The test on traditional master/slave failed at the end.

It did not fail at the end. It had errors + retries along the way, overcame those errors, and completed with a nice:

2018-04-17 10:32:47 INFO Am not dropping old table because I want this operation to be as live as possible. If you insist I should do it, please add --ok-to-drop-table next time. But I prefer you do not. To drop the old table, issue:
2018-04-17 10:32:47 INFO -- drop table hostel_rob._SuppInfo_del
2018-04-17 10:32:47 INFO Done migrating hostel_rob.SuppInfo
shlomi-noach commented 6 years ago

@FortuneOSarcasm did you notice you were testing a MyISAM table? Surely you did not intend to?

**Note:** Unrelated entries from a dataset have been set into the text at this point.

lemma wf_subst:
  "\<forall>v A. \<sigma> v = Some A \<longrightarrow> \<rho> A = fst v \<Longrightarrow> wf_mc \<rho> (subst \<sigma> T) = wf_mc \<rho> T"
  by (induction T) (auto simp: rk_subst split: option.split)

lemma subterms_subst: "subterms (subst \<sigma> T) = subst \<sigma> ` subterms T"
  by (induction T) (auto split: option.split)

lemma k_correct_subst:
  "\<forall>v A. \<sigma> v = Some A \<longrightarrow> \<rho> A = fst v \<Longrightarrow> k_correct \<rho> k (subst \<sigma> T) = k_correct \<rho> k T"
  by (simp add: k_correct_def wf_subst rk_subst subterms_subst)

lemma finite_nts: "finite (nts C)"
  and finite_vars: "finite (vars C)"
  by (induction C) auto

lemma obtain_ground_abstraction:
  fixes C :: "('a, 'n) mc"
  obtains \<sigma> D where "\<forall>v A. \<sigma> v = Some A \<longrightarrow> \<rho> A = fst v" "subst \<sigma> D = C" "ground D"
    "rk \<rho> D = rk \<rho> C" "wf_mc \<rho> D = wf_mc \<rho> C" "fst ` vars D \<subseteq> fst ` vars C \<union> \<rho> ` nts C"
proof -
  obtain f :: "'n \<Rightarrow> nat" where f: "inj_on f (nts C)"
    using finite_imp_inj_to_nat_seg[OF finite_nts[of C]] by (elim exE conjE)
  define N where "N = Suc (\<Sum>v \<in> vars C. snd v)"
  have N: "\<forall>v \<in> vars C. snd v < N"
    using finite_vars[of C] by (auto simp: N_def intro!: le_imp_less_Suc member_le_sum)
  let ?A = "\<lambda>n. inv_into (nts C) f (n - N)"
  define \<sigma> :: "nat \<times> nat \<Rightarrow> 'n option" where
    "\<sigma> v = (if N \<le> snd v \<and> snd v - N \<in> f ` nts C \<and> \<rho> (?A (snd v)) = fst v
       then Some (?A (snd v)) else None)" for v
  have "\<forall>v A. \<sigma> v = Some A \<longrightarrow> \<rho> A = fst v"
    by (simp add: \<sigma>_def)
  moreover have "subst \<sigma> (abstract_nts \<rho> (\<lambda>A. N + f A) C) = C"
    using f N by (intro subst_abstract_nts) (auto simp: \<sigma>_def)
  moreover have "fst ` vars (abstract_nts \<rho> (\<lambda>A. N + f A) C) \<subseteq> fst ` vars C \<union> \<rho> ` nts C"
    using abstract_nts_props(4)[of \<rho> "\<lambda>A. N + f A" C] by auto
  ultimately show thesis
    by (intro that[of \<sigma> "abstract_nts \<rho> (\<lambda>A. N + f A) C"]) (simp_all add: abstract_nts_props)
qed

theorem lemma2:
  fixes \<rho> :: "'n \<Rightarrow> nat" and k :: nat and C :: "('a::finite, 'n) mc"
  assumes "k_essential \<rho> k C"
  shows "\<exists>C'. k_correct \<rho> k C' \<and> mc_equiv \<rho> C C'"
proof -
  obtain \<sigma> D where \<sigma>: "\<forall>v A. \<sigma> v = Some A \<longrightarrow> \<rho> A = fst v" and C: "subst \<sigma> D = C"
    and D: "ground D" "rk \<rho> D = rk \<rho> C" "wf_mc \<rho> D = wf_mc \<rho> C"
      "fst ` vars D \<subseteq> fst ` vars C \<union> \<rho> ` nts C"
    by (rule obtain_ground_abstraction)
  have "fst v \<le> k" if "v \<in> vars D" for v
  proof -
    have "fst v \<in> fst ` vars C \<union> \<rho> ` nts C"
      using D(4) that by blast
    then show ?thesis
      using assms by (auto simp: k_essential_def)
  qed
  moreover have "wf_mc \<rho> D" "rk \<rho> D \<le> k"
    using assms D(2,3) by (simp_all add: k_essential_def)
  ultimately obtain D' where "k_correct \<rho> k D'" "ground_equiv \<rho> D D'"
    using ground_equiv_k_correct[OF D(1)] by blast
  moreover from this(2) have "mc_equiv \<rho> C (subst \<sigma> D')"
    unfolding mc_equiv_def using \<sigma> C by blast
  ultimately show ?thesis
    using k_correct_subst[OF \<sigma>] by blast
qed

end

FortuneOSarcasm commented 6 years ago

Yes I did and yes that was intentional

shlomi-noach commented 6 years ago

Very good. I'm going to close this Issue if you don't mind. I do not know what MaxScale Binlog Server injected into the binary logs, and as MaxScale Binlog Server is not supported, I'm not going to further investigate. (though I should clarify in docs)

FortuneOSarcasm commented 6 years ago

Except, it never connected to a Binlog server and was only reading the local MariaDB logs.

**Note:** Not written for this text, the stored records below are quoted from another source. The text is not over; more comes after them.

text \<open>The degree of \<open>a\<close> in \<open>\<P>(C\<^sub>n)\<close> depends only on \<open>e = gcd a n\<close>: the closed
  neighbourhood of \<open>a\<close> consists of the multiples of \<open>e\<close> and of the \<open>y\<close> with \<open>gcd y n\<close>
  dividing \<open>e\<close>, so \<open>deg a + 1 = n/e + B(n,e) - \<phi>(n/e)\<close>, where \<open>B(n,e)\<close> counts the
  latter \<open>y\<close> and is multiplicative by the Chinese remainder theorem. With this formula,
  among the powers of \<open>p\<^sub>k\<close> the full power \<open>p\<^sub>k\<^sup>\<alpha>\<^sub>k\<close> has the least degree, and
  removing from a divisor \<open>e\<close> the full power of its least prime factor does not increase
  the degree; the latter needs (i) or (ii), as a lower bound on \<open>\<phi>(m)/m\<close>. So every degree
  is at least that of some \<open>p\<^sub>k\<^sup>\<alpha>\<^sub>k\<close>, and it remains to see
  \<open>deg (p\<^sub>t\<^sup>\<alpha>\<^sub>t) \<le> deg (p\<^sub>j\<^sup>\<alpha>\<^sub>j)\<close> for \<open>j < t\<close>, again by (i) or (ii)
  after writing the difference over the common factor formed by the other prime powers.\<close>

section \<open>Counting residues\<close>

lemma card_periodic:
  fixes P :: "nat \<Rightarrow> bool"
  assumes periodic: "\<And>y. P (y + m) = P y"
  shows "card {y\<in>{..<c * m}. P y} = c * card {y\<in>{..<m}. P y}"
proof (induction c)
  case 0
  then show ?case by simp
next
  case (Suc c)
  have shift: "P (c * m + z) = P z" for z
  proof (induction c)
    case (Suc c)
    then show ?case using periodic [of "c * m + z"] by (simp add: algebra_simps)
  qed simp
  have split: "{y\<in>{..<Suc c * m}. P y} = {y\<in>{..<c * m}. P y} \<union> (\<lambda>z. c * m + z) ` {z\<in>{..<m}. P z}"
  proof (intro equalityI subsetI)
    fix y assume y: "y \<in> {y\<in>{..<Suc c * m}. P y}"
    show "y \<in> {y\<in>{..<c * m}. P y} \<union> (\<lambda>z. c * m + z) ` {z\<in>{..<m}. P z}"
    proof (cases "y < c * m")
      case False
      then obtain z where "y = c * m + z" "z < m"
        using y by (metis add_less_cancel_left le_iff_add mem_Collect_eq lessThan_iff mult_Suc not_less add.commute)
      then show ?thesis using y shift by auto
    qed (use y in auto)
  qed (use shift in auto)
  have "card ((\<lambda>z. c * m + z) ` {z\<in>{..<m}. P z}) = card {z\<in>{..<m}. P z}"
    by (rule card_image) (auto simp: inj_on_def)
  moreover have "card {y\<in>{..<Suc c * m}. P y}
      = card {y\<in>{..<c * m}. P y} + card ((\<lambda>z. c * m + z) ` {z\<in>{..<m}. P z})"
    unfolding split by (rule card_Un_disjoint) auto
  ultimately show ?case using Suc by simp
qed

lemma card_lessThan_eq_card_greaterThanAtMost:
  fixes P :: "nat \<Rightarrow> bool"
  assumes "P 0 = P m"
  shows "card {y\<in>{..<m}. P y} = card {y\<in>{0<..m}. P y}"
proof (rule bij_betw_same_card)
  show "bij_betw (\<lambda>y. if y = 0 then m else y) {y\<in>{..<m}. P y} {y\<in>{0<..m}. P y}"
    by (rule bij_betwI [where g = "\<lambda>y. if y = m then 0 else y"]) (use assms in auto)
qed

lemma card_multiples_lessThan:
  assumes "0 < k" "c dvd k"
  shows "card {y\<in>{..<k}. c dvd y} = k div c"
proof -
  have "c > 0" using assms by (auto intro: gr0I)
  then have "{y\<in>{..<c}. c dvd y} = {0}"
    by (auto dest: dvd_imp_le)
  moreover have "card {y\<in>{..<(k div c) * c}. c dvd y} = (k div c) * card {y\<in>{..<c}. c dvd y}"
    by (rule card_periodic) simp
  ultimately show ?thesis using assms(2) by simp
qed

lemma card_coprime_lessThan:
  assumes "0 < k" "m dvd k"
  shows "card {y\<in>{..<k}. coprime y m} = (k div m) * totient m"
proof -
  have "m > 0" using assms by (auto intro: gr0I)
  then have "card {y\<in>{..<m}. coprime y m} = totient m"
    by (subst card_lessThan_eq_card_greaterThanAtMost) (simp_all add: totient_def totatives_def)
  moreover have "card {y\<in>{..<(k div m) * m}. coprime y m} = (k div m) * card {y\<in>{..<m}. coprime y m}"
    by (rule card_periodic) (simp only: coprime_iff_gcd_eq_1 gcd_add1)
  ultimately show ?thesis using assms(2) by simp
qed

lemma card_gcd_eq_lessThan:
  assumes "0 < k" "e dvd k"
  shows "card {y\<in>{..<k}. gcd y k = e} = totient (k div e)"
  using card_gcd_eq_totient [OF assms]
  by (subst card_lessThan_eq_card_greaterThanAtMost) simp_all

shlomi-noach commented 6 years ago

Except, it never connected to a Binlog server and was only reading the local MariaDB logs.

That's incorrect, because gh-ost was looking at binary logs with content generated by binlog servers. The fact the same migration worked on same cluster but where binlog server was not involved clarifies that.

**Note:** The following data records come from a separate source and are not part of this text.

(* Let $\Gamma$ be a homogeneous rooted metric tree with root $o$, edge length $1$ and branching number $b\geq 2$, and let $$\lambda_b := \left(\arccos \frac{1}{R_b}\right)^2,\qquad R_b:=\frac{b^{1/2}+b^{-1/2}}{2}.$$ Let $\psi$ be a measurable, non-negative function on $\mathbb{R}_+$. Then there exists a constant $C(b,\psi)<\infty$ such that $$\int_{\Gamma} \psi(|x|)\, |u(x)|^2 \, dx \leq C(b,\psi) \int_{\Gamma} \left( |u'(x)|^2 - \lambda_b |u(x)|^2\right) dx \quad\text{for all } u \in C_0^\infty(\Gamma_o)$$ if and only if $$\sup_{r>0}\, (1 + r)^{-1} \int_0^r \psi(t)\, (1+t)^2 \, dt < \infty .$$
   Context: $\Gamma$ is a rooted metric tree with root $o$; $|x|$ is the distance from $x$ to $o$ along the tree. Homogeneous means: the root has exactly one emanating edge, every other vertex has the same number $b$ of emanating (forward) edges, and all edges have length $1$. Equivalently, the number of points $x\in\Gamma$ with $|x|=t$ equals $b^j$ for $j<t\le j+1$, $j\in\{0,1,2,\dots\}$. ($\lambda_b$ is the bottom of the spectrum of the Neumann Laplacian on $\Gamma$.) $\Gamma_o:=\Gamma\cup\{o\}$ and $C_0^\infty(\Gamma_o)$ denotes continuous functions on $\Gamma_o$ that are infinitely smooth on each edge and whose support is a bounded subset of $\Gamma_o$; they need not vanish at $o$. Integrals over $\Gamma$ are with respect to arc length and $u'$ is the derivative along edges. *)

theory Defs
  imports "HOL-Analysis.Analysis"
begin

text \<open>The edges of generation j (points x with j < |x| <= j+1) are indexed by words
  w of length j over the alphabet {0..<b}; a point of Gamma is a pair (w, s) with
  s in [0,1], and |x| = length w + s. The endpoint s = 1 of edge w is the vertex
  from which the edges w @ [k], k < b, emanate (at their s = 0).
  The root o is the point s = 0 of the edge [].\<close>

definition tree_edges :: "nat \<Rightarrow> nat \<Rightarrow> nat list set" where
  "tree_edges b j = {w. length w = j \<and> (\<forall>k\<in>set w. k < b)}"

definition smooth_on_unit :: "(real \<Rightarrow> real) \<Rightarrow> bool" where
  "smooth_on_unit f \<longleftrightarrow> (\<exists>D :: nat \<Rightarrow> real \<Rightarrow> real. D 0 = f \<and>
     (\<forall>n. \<forall>x\<in>{0..1}. (D n has_real_derivative D (Suc n) x) (at x within {0..1})))"

text \<open>C_0^infinity(Gamma_o): continuous on Gamma_o, smooth on each edge, bounded support
  (need not vanish at the root).\<close>
definition tree_C0inf :: "nat \<Rightarrow> (nat list \<Rightarrow> real \<Rightarrow> real) \<Rightarrow> bool" where
  "tree_C0inf b u \<longleftrightarrow>
     (\<forall>j. \<forall>w\<in>tree_edges b j. smooth_on_unit (u w)) \<and>
     (\<forall>j. \<forall>w\<in>tree_edges b j. \<forall>k<b. u (w @ [k]) 0 = u w 1) \<and>
     (\<exists>N. \<forall>j\<ge>N. \<forall>w\<in>tree_edges b j. \<forall>s\<in>{0..1}. u w s = 0)"

definition tree_nn_integral :: "nat \<Rightarrow> (nat list \<Rightarrow> real \<Rightarrow> ennreal) \<Rightarrow> ennreal" where
  "tree_nn_integral b f =
     (\<Sum>j. \<Sum>w\<in>tree_edges b j. set_nn_integral lborel {0..1} (f w))"

definition tree_integral :: "nat \<Rightarrow> (nat list \<Rightarrow> real \<Rightarrow> real) \<Rightarrow> real" where
  "tree_integral b f = (\<Sum>j. \<Sum>w\<in>tree_edges b j. integral {0..1} (f w))"

definition R_b :: "nat \<Rightarrow> real" where
  "R_b b = (sqrt (real b) + 1 / sqrt (real b)) / 2"

definition lambda_b :: "nat \<Rightarrow> real" where
  "lambda_b b = (arccos (1 / R_b b))\<^sup>2"

end

theory Submission
  imports Defs
begin

text \<open>
  With k = arccos (1 / R_b) we have lambda_b = k^2, and the bottom of the spectrum is realised by an
  explicit positive radial ground state: on the edges of generation j,
  phi_j(s) = b^(-j/2) ((1 + j sin k) sin (k (1 - s)) + b^(-1/2) (1 + (j + 1) sin k) sin (k s)).
  It solves -phi'' = lambda_b phi, is continuous at the vertices, satisfies the Kirchhoff condition
  there and the Neumann condition at the root, and b^j phi_j^2 is comparable to (1 + j)^2.
  Integrating by parts against rho = phi' / phi gives the ground state representation
  Q[u] = sum over edges of the integral of (u' - rho u)^2 = phi^2 |(u / phi)'|^2, so with u = phi g
  the inequality becomes a one-dimensional Hardy inequality for g with weight comparable to
  (1 + |x|)^2, for which sup_r (1 + r)^(-1) int_0^r psi (1 + t)^2 < infinity is the
  Muckenhoupt-type criterion. Sufficiency follows from a discrete weighted Hardy inequality for the
  vertex averages of (u / phi)^2; necessity from testing with phi times a radial cutoff that equals
  1 up to generation n, vanishes from generation 2n + 1 on, and has energy O(n).
\<close>

section \<open>The ground state\<close>

definition tree_freq :: "nat \<Rightarrow> real" where
  "tree_freq b = arccos (1 / R_b b)"

definition tree_decay :: "nat \<Rightarrow> real" where
  "tree_decay b = 1 / sqrt (real b)"

definition tree_amp :: "nat \<Rightarrow> nat \<Rightarrow> real" where
  "tree_amp b j = 1 + real j * sin (tree_freq b)"

lemma lambda_b_eq: "lambda_b b = (tree_freq b)\<^sup>2"
  unfolding lambda_b_def tree_freq_def ..

definition tree_freq_cos :: "nat \<Rightarrow> real" where
  "tree_freq_cos b = 2 * sqrt (real b) / (real b + 1)"

lemma tree_freq_eq: "0 < b \<Longrightarrow> tree_freq b = arccos (tree_freq_cos b)"
  unfolding tree_freq_def R_b_def tree_freq_cos_def by (simp add: field_simps)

I would take that question to the developers of the Binlog Server, to ask what changed in the binlog contents and why. Your assumption that binlog servers are compeltely transparent is shown to be incorrect. I have no idea what the nature of the difference is, and would suggest pursuing this with them. gh-ost, in this case, merely reflects the consequence of using binlog servers, which is shown to be non-transparent. I cannot fix this, and moreover I can tell you there will be no support for MaxScale binlog servers.

FortuneOSarcasm commented 6 years ago

It wasn't the same cluster and it never used a binlog server. It was using a regular MariaDB server as the host.

shlomi-noach commented 6 years ago

@FortuneOSarcasm you previously wrote:

It's currently running on a regular master/slave setup and it's working. The my.cnf settings are identical to the original 2 servers I tested against earlier.

Do you now mean this was on a different cluster, different type of table? In which case I'd appreciate if you could please clarify what exactly you were doing.

My request was that you would test the same migration on the same cluster, on a replica that does not replicate through Binlog Server.

Now, to clarify once and for all, my understanding is: you have the following setup:

Master (MariaDB) -> MaxScale Binlog Server -> Replica (MariaDB)

is that correct?

You say that gh-ost doesn't know anything about the Binlog Server, and I say the fact the binlog server is between the master and the replica can have an effect. You say gh-ost is not aware of it, and I say I've worked with binlog servers for a year, and have seen many problems, and that the binlog server may not be as transparent as we can hope.

The experiment I want to run, and you are the only one able to run it, is to test the same migration, on the following setup:

Same Master (MariaDB) -> Replica (MariaDB)

on the same table.

Are you able to run this?

FortuneOSarcasm commented 6 years ago

I ran my second test on a different cluster using the same table. The first test was done on a server using a Binlog master so instead of allowing it to try connecting to the binlog server to use INFORMATION_SCHEMA I pointed it to a different node which was not using the Binlog. The cluster is structured so only half the nodes use binlogs as it's still in a trial period.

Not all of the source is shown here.